[Dataset entries]
########
lemma integrable_deriv_mult:
  assumes "j \<in> {1..m}" "continuous_on {\<tau> (j - 1)..\<tau> j} \<psi>"
  shows "(\<lambda>t. deriv w t * \<psi> t) integrable_on {\<tau> (j - 1)..\<tau> j}"
proof -
  have integrable: "(\<lambda>t. poly (pderiv (piece j)) t * \<psi> t) integrable_on {\<tau> (j - 1)..\<tau> j}"
    by (intro integrable_continuous_real continuous_on_mult continuous_on_poly continuous_on_id assms(2))
  have eq: "deriv w t * \<psi> t = poly (pderiv (piece j)) t * \<psi> t"
    if "t \<in> {\<tau> (j - 1)..\<tau> j} - {\<tau> (j - 1), \<tau> j}" for t
  proof -
    have "t \<in> {\<tau> (j - 1)<..<\<tau> j}"
      using that by auto
    then show ?thesis
      using DERIV_imp_deriv[OF has_real_derivative_piece[OF assms(1)]] by simp
  qed
  show ?thesis
    by (rule integrable_spike_finite[of "{\<tau> (j - 1), \<tau> j}", OF _ eq integrable]) simp_all
qed

lemma has_integral_piece:
  assumes j: "j \<in> {1..m}" and "finite S"
    and v_cont: "continuous_on {\<tau> 0..\<tau> m} v" and \<psi>_cont: "continuous_on {\<tau> 0..\<tau> m} \<psi>"
    and v_deriv: "\<And>t. t \<in> {\<tau> 0<..<\<tau> m} - S \<Longrightarrow> (v has_real_derivative v' t) (at t)"
    and \<psi>_deriv: "\<And>t. t \<in> {\<tau> 0<..<\<tau> m} - S \<Longrightarrow> (\<psi> has_real_derivative \<psi>' t) (at t)"
  shows "((\<lambda>t. (deriv w t - v' t) * \<psi> t + (w t - v t) * \<psi>' t) has_integral
      (poly (piece j) (\<tau> j) - v (\<tau> j)) * \<psi> (\<tau> j)
      - (poly (piece j) (\<tau> (j - 1)) - v (\<tau> (j - 1))) * \<psi> (\<tau> (j - 1))) {\<tau> (j - 1)..\<tau> j}"
proof (rule fundamental_theorem_of_calculus_interior_strong[OF \<open>finite S\<close>])
  show "\<tau> (j - 1) \<le> \<tau> j"
    using node_le j by auto
  show "continuous_on {\<tau> (j - 1)..\<tau> j} (\<lambda>s. (poly (piece j) s - v s) * \<psi> s)"
    using piece_subset[OF j]
    by (intro continuous_intros continuous_on_subset[OF v_cont] continuous_on_subset[OF \<psi>_cont])
  fix t assume t: "t \<in> {\<tau> (j - 1)<..<\<tau> j} - S"
  then have "t \<in> {\<tau> 0<..<\<tau> m} - S"
    using piece_subset[OF j] by force
  moreover have "w t = poly (piece j) t" "deriv w t = poly (pderiv (piece j)) t"
    using t eq_piece[OF j] DERIV_imp_deriv[OF has_real_derivative_piece[OF j]] by auto
  ultimately show "((\<lambda>s. (poly (piece j) s - v s) * \<psi> s) has_vector_derivative
      (deriv w t - v' t) * \<psi> t + (w t - v t) * \<psi>' t) (at t)"
    unfolding has_real_derivative_iff_has_vector_derivative[symmetric]
    by (auto intro!: derivative_eq_intros v_deriv \<psi>_deriv)
qed
theorem corollary1:
  shows "\<exists>\<epsilon> :: nat \<Rightarrow> real. (\<epsilon> \<longlonglongrightarrow> 0) \<and>
     (\<forall>n q. n \<ge> 1 \<longrightarrow> q \<ge> 2 \<longrightarrow>
       (\<exists>m \<psi> U out. unit_state (qbasis n q m) \<psi> \<and> unitary_on (qbasis n q m) U \<and>
          (\<forall>k \<in> zq_vecs n q. success_prob n q m \<psi> U out k \<ge> 4 / pi^2 - \<epsilon> q)))"
proof -
  define \<epsilon> where "\<epsilon> q = 4 / pi^2 * (sin (pi / real q))\<^sup>2" for q :: nat
  have "\<epsilon> \<longlonglongrightarrow> 0"
    unfolding \<epsilon>_def by real_asymp
  moreover have "4 / pi^2 - \<epsilon> q \<le> success_prob n q 1 (init_state n q) (qft n q) (\<lambda>x. fst (fst x)) k"
    if q: "q \<ge> 2" and k: "k \<in> zq_vecs n q" for n q k
  proof -
    have "4 / pi^2 - \<epsilon> q = (2 * cos (pi / q) / pi)\<^sup>2"
      unfolding \<epsilon>_def by (simp add: power_divide power_mult_distrib cos_squared_eq diff_divide_distrib)
    also have "\<dots> \<le> (cmod (square_wave_coeff q) / q)\<^sup>2"
      using q by (rule norm_square_wave_coeff_ge)
    also have "\<dots> \<le> success_prob n q 1 (init_state n q) (qft n q) (\<lambda>x. fst (fst x)) k"
      using q k by (intro success_prob_ge) auto
    finally show ?thesis .
  qed
  moreover have "unit_state (qbasis n q 1) (init_state n q)" and "unitary_on (qbasis n q 1) (qft n q)"
    if "q \<ge> 2" for n q
    using that by (intro unit_state_init_state unitary_on_qft; simp)+
  ultimately show ?thesis
    by blast
qed

end
lemma tagged_abstraction_PLet:
  assumes IH1: "\<And>r G. (r, G) \<in> sem t q \<Longrightarrow> inj_on h (fst G) \<Longrightarrow>
      \<exists>G' f. (r, G') \<in> sem t p \<and> tagged_abstraction L I h f G G'"
    and IH2: "\<And>v r G. (r, G) \<in> sem t (g v) \<Longrightarrow> inj_on h (fst G) \<Longrightarrow>
      \<exists>G' f'. (r, G') \<in> sem t (f v) \<and> tagged_abstraction L I h f' G G'"
    and G: "(r, G) \<in> sem t (PLet q g)" and inj: "inj_on h (fst G)"
  shows "\<exists>G' f'. (r, G') \<in> sem t (PLet p f) \<and> tagged_abstraction L I h f' G G'"
  using G
proof (cases rule: sem_PLetE)
  case (seq v G1 G2)
  have inj12: "inj_on h (fst G1 \<union> fst G2)" using inj seq(3) by (simp add: seqG_def)
  obtain G1' f1 where G1': "((v, 0), G1') \<in> sem t p" "tagged_abstraction L I h f1 G1 G1'"
    using IH1[OF seq(1)] inj12 by (blast intro: inj_on_subset)
  obtain G2' f2 where G2': "(r, G2') \<in> sem t (f v)" "tagged_abstraction L I h f2 G2 G2'"
    using IH2[OF seq(2)] inj12 by (blast intro: inj_on_subset)
  have "fst G1' \<inter> fst G2' = {}"
    by (rule tagged_abstraction_disjoint[OF G1'(2) G2'(2) seq(4) inj12])
  then have "(r, seqG G1' G2') \<in> sem t (PLet p f)" using G1'(1) G2'(1) by (intro sem_PLet_seqI)
  moreover have "tagged_abstraction L I h (override_on f2 f1 (fst G1)) G (seqG G1' G2')"
    using tagged_abstraction_combG[OF G1'(2) G2'(2) seq(4) inj12] seq(3) by (simp add: seqG_eq_combG)
  ultimately show ?thesis by blast
next
  case break
  then show ?thesis using IH1 inj by (blast intro: sem_PLet_breakI)
qed

lemma tagged_abstraction_iterations:
  assumes IH: "\<And>r G. (r, G) \<in> sem t q \<Longrightarrow> inj_on h (fst G) \<Longrightarrow>
      \<exists>G' f. (r, G') \<in> sem t p \<and> tagged_abstraction L I h f G G'"
    and "Gs \<noteq> []" and body: "\<forall>i < length Gs - 1. \<exists>u. ((u, 0), Gs!i) \<in> sem t q"
    and exit: "((v, Suc k), last Gs) \<in> sem t q" and inj: "inj_on h (\<Union>G\<in>set Gs. fst G)"
  shows "\<forall>i<length Gs. \<exists>G'. (\<exists>f. tagged_abstraction L I h f (Gs!i) G') \<and>
    (i < length Gs - 1 \<longrightarrow> (\<exists>u. ((u, 0), G') \<in> sem t p)) \<and>
    (i = length Gs - 1 \<longrightarrow> ((v, Suc k), G') \<in> sem t p)"
proof (intro allI impI)
  fix i assume "i < length Gs"
  then have "Gs!i \<in> set Gs" by simp
  with inj have inj_i: "inj_on h (fst (Gs!i))" by (blast intro: inj_on_subset)
  show "\<exists>G'. (\<exists>f. tagged_abstraction L I h f (Gs!i) G') \<and>
    (i < length Gs - 1 \<longrightarrow> (\<exists>u. ((u, 0), G') \<in> sem t p)) \<and>
    (i = length Gs - 1 \<longrightarrow> ((v, Suc k), G') \<in> sem t p)"
  proof (cases "i < length Gs - 1")
    case True
    then obtain u where "((u, 0), Gs!i) \<in> sem t q" using body by blast
    then show ?thesis using IH inj_i True by fastforce
  next
    case False
    with \<open>i < length Gs\<close> have "i = length Gs - 1" by simp
    with \<open>Gs \<noteq> []\<close> have "Gs!i = last Gs" by (simp add: last_conv_nth)
    then show ?thesis using IH exit inj_i \<open>i = length Gs - 1\<close> by fastforce
  qed
qed

lemma tagged_abstraction_PLoop:
  assumes IH: "\<And>r G. (r, G) \<in> sem t q \<Longrightarrow> inj_on h (fst G) \<Longrightarrow>
      \<exists>G' f. (r, G') \<in> sem t p \<and> tagged_abstraction L I h f G G'"
    and "(r, G) \<in> sem t (PLoop q)" and "inj_on h (fst G)"
  shows "\<exists>G' f. (r, G') \<in> sem t (PLoop p) \<and> tagged_abstraction L I h f G G'"
proof -
  from assms(2) obtain v k Gs where r: "r = (v, k)" and G: "G = seq_list Gs"
    and "Gs \<noteq> []" and "disj_list Gs"
    and body: "\<forall>i < length Gs - 1. \<exists>u. ((u, 0), Gs!i) \<in> sem t q"
    and exit: "((v, Suc k), last Gs) \<in> sem t q"
    by auto
  let ?n = "length Gs"
  have inj: "inj_on h (\<Union>G\<in>set Gs. fst G)" using assms(3) G by (simp add: fst_seq_list)
  obtain Gs' F where "length Gs' = ?n"
    and Gs': "\<forall>i<?n. (i < ?n - 1 \<longrightarrow> (\<exists>u. ((u, 0), Gs'!i) \<in> sem t p)) \<and>
                     (i = ?n - 1 \<longrightarrow> ((v, Suc k), Gs'!i) \<in> sem t p)"
    and "disj_list Gs'"
    and F: "tagged_abstraction L I h F (foldr (combG True) Gs emptyG) (foldr (combG True) Gs' emptyG)"
    by (rule tagged_abstraction_foldr_combG_nth[OF
          tagged_abstraction_iterations[OF IH \<open>Gs \<noteq> []\<close> body exit inj] \<open>disj_list Gs\<close> inj])
  have "(r, seq_list Gs') \<in> sem t (PLoop p)"
    unfolding r
  proof (rule sem_PLoopI)
    show "Gs' \<noteq> []" using \<open>length Gs' = ?n\<close> \<open>Gs \<noteq> []\<close> by auto
    then show "((v, Suc k), last Gs') \<in> sem t p"
      using Gs'[rule_format, of "?n - 1"] \<open>length Gs' = ?n\<close> \<open>Gs \<noteq> []\<close> by (simp add: last_conv_nth)
    show "\<forall>i < length Gs' - 1. \<exists>u. ((u, 0), Gs'!i) \<in> sem t p"
      using Gs' \<open>length Gs' = ?n\<close> by simp
  qed fact
  moreover have "tagged_abstraction L I h F G (seq_list Gs')"
    using F G by (simp add: seq_list_def seqG_eq_combG)
  ultimately show ?thesis by blast
qed
definition energy_D :: "(real \<Rightarrow> real) \<Rightarrow> ereal \<Rightarrow> ('a::euclidean_space \<Rightarrow> real) \<Rightarrow> 'a set \<Rightarrow>
    nat set \<Rightarrow> (nat \<Rightarrow> 'a) \<Rightarrow> nat set \<Rightarrow> (nat \<Rightarrow> 'a) \<Rightarrow> (nat \<Rightarrow> nat set) \<Rightarrow>
    (nat \<Rightarrow> 'a set) \<Rightarrow> (nat \<Rightarrow> nat \<Rightarrow> 'a set) \<Rightarrow> (nat \<Rightarrow> real) \<Rightarrow> (nat \<Rightarrow> real) \<Rightarrow> ereal" where
  "energy_D p p0 V \<Omega> Mc xK Vs xs VK omK omKs vc vs =
     (let u = pi_D Mc Vs VK omK omKs vc vs;
          W = pi_D Mc Vs VK omK omKs (\<lambda>K. V (xK K)) (\<lambda>s. V (xs s));
          f = (\<lambda>x. real_of_ereal (Gamma_fun p p0 (u x)) + u x * W x)
      in if (AE x in lebesgue. x \<in> \<Omega> \<longrightarrow> Gamma_fun p p0 (u x) \<noteq> \<infinity>) \<and>
            set_integrable lebesgue \<Omega> f
         then ereal (LINT x:\<Omega>|lebesgue. f x) else \<infinity>)"

end

theory Submission
  imports Defs
begin

text \<open>Since p is nondecreasing and unbounded (and, when p(0) is finite, extended oddly across
  p(0)), the function Gamma grows superlinearly: for every M there is C with
  Gamma(u) \<ge> M |u| - C.  V is bounded by some B on the closure of Omega, so taking M = 2B gives
  |pi_D u pi_D V| \<le> Gamma(pi_D u)/2 + C pointwise.  Integrating over Omega, which has finite
  measure, bounds the coupling term of the energy by half the Gamma term plus a constant, and
  both inequalities follow.\<close>

lemma interval_integral_from_one:
  "(LBINT a=1..ereal u. f a) =
     (if 1 \<le> u then LINT a:{1<..<u}|lborel. f a else - (LINT a:{u<..<1}|lborel. f a))"
  by (simp add: interval_lebesgue_integral_def one_ereal_def)

lemma set_integrable_const:
  assumes "A \<in> sets M" "emeasure M A \<noteq> \<infinity>"
  shows "set_integrable M A (\<lambda>_. c :: real)"
  using assms unfolding set_integrable_def
  by (cases "c = 0") (auto intro!: integrable_scaleR_left integrable_real_indicator simp: less_top)

lemma set_integrable_const_Ioo: "set_integrable lborel {x<..<y::real} (\<lambda>_. c :: real)"
  using emeasure_bounded_finite[of "{x<..<y}"] by (intro set_integrable_const) auto

lemma set_integral_ge_on_subinterval:
  fixes g :: "real \<Rightarrow> real"
  assumes "x \<le> c" "c \<le> d" "d \<le> y" "set_integrable lborel {x<..<y} g"
    and "\<And>a. a \<in> {x<..<y} \<Longrightarrow> 0 \<le> g a" "\<And>a. a \<in> {c<..<d} \<Longrightarrow> M \<le> g a" "0 \<le> M"
  shows "M * (d - c) \<le> (LINT a:{x<..<y}|lborel. g a)"
proof -
  have "set_integrable lborel {x<..<y} (\<lambda>a. M * indicator {c<..<d} a)"
    unfolding set_integrable_def using assms(2)
    by (intro integrable_mult_indicator) (auto intro!: integrable_real_indicator simp: emeasure_lborel_Ioo)
  then have "(LINT a:{x<..<y}|lborel. M * indicator {c<..<d} a) \<le> (LINT a:{x<..<y}|lborel. g a)"
    using assms by (intro set_integral_mono[OF _ assms(4)]) (auto split: split_indicator)
  moreover have "(LINT a:{x<..<y}|lborel. M * indicator {c<..<d} a) = M * (d - c)"
  proof -
    have "(LINT a:{x<..<y}|lborel. M * indicator {c<..<d} a) = (LINT a|lborel. M * indicator {c<..<d} a)"
      unfolding set_lebesgue_integral_def using assms(1-3)
      by (intro Bochner_Integration.integral_cong) (auto split: split_indicator)
    then show ?thesis using assms(2) by simp
  qed
  ultimately show ?thesis by (simp del: set_integral_mult_right)
qed

locale pressure_law =
  fixes p :: "real \<Rightarrow> real" and p0 :: ereal
  assumes p_loc: "\<forall>b>0. set_integrable lborel {0..b} p"
    and p_mono: "mono_on {0<..} p"
    and p_infty: "filterlim p at_top at_top"
    and p0_lim: "((\<lambda>u. ereal (p u)) \<longlongrightarrow> p0) (at_right 0)"
    and p_odd: "p0 \<noteq> -\<infinity> \<Longrightarrow> \<forall>u\<le>0. p u = 2 * real_of_ereal p0 - p (- u)"
begin

lemma p0_le:
  assumes "0 < t"
  shows "p0 \<le> ereal (p t)"
proof (rule tendsto_upperbound[OF p0_lim])
  show "\<forall>\<^sub>F a in at_right 0. ereal (p a) \<le> ereal (p t)"
    using eventually_at_right_real[OF assms]
    by eventually_elim (use p_mono in \<open>auto intro: mono_onD\<close>)
qed simp

lemma p0_real:
  assumes "p0 \<noteq> -\<infinity>"
  obtains q where "p0 = ereal q" "q \<le> p 1" "\<And>u. u \<le> 0 \<Longrightarrow> p u = 2 * q - p (- u)"
proof -
  have "p0 \<noteq> \<infinity>" using p0_le[of 1] by auto
  with assms obtain q where q: "p0 = ereal q" by (cases p0) auto
  then show thesis using that p0_le[of 1] p_odd assms by auto
qed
########
Could you give the number of lines in the data above that contain the string "qbasis", with no other words?

*Reply to the exercise*
2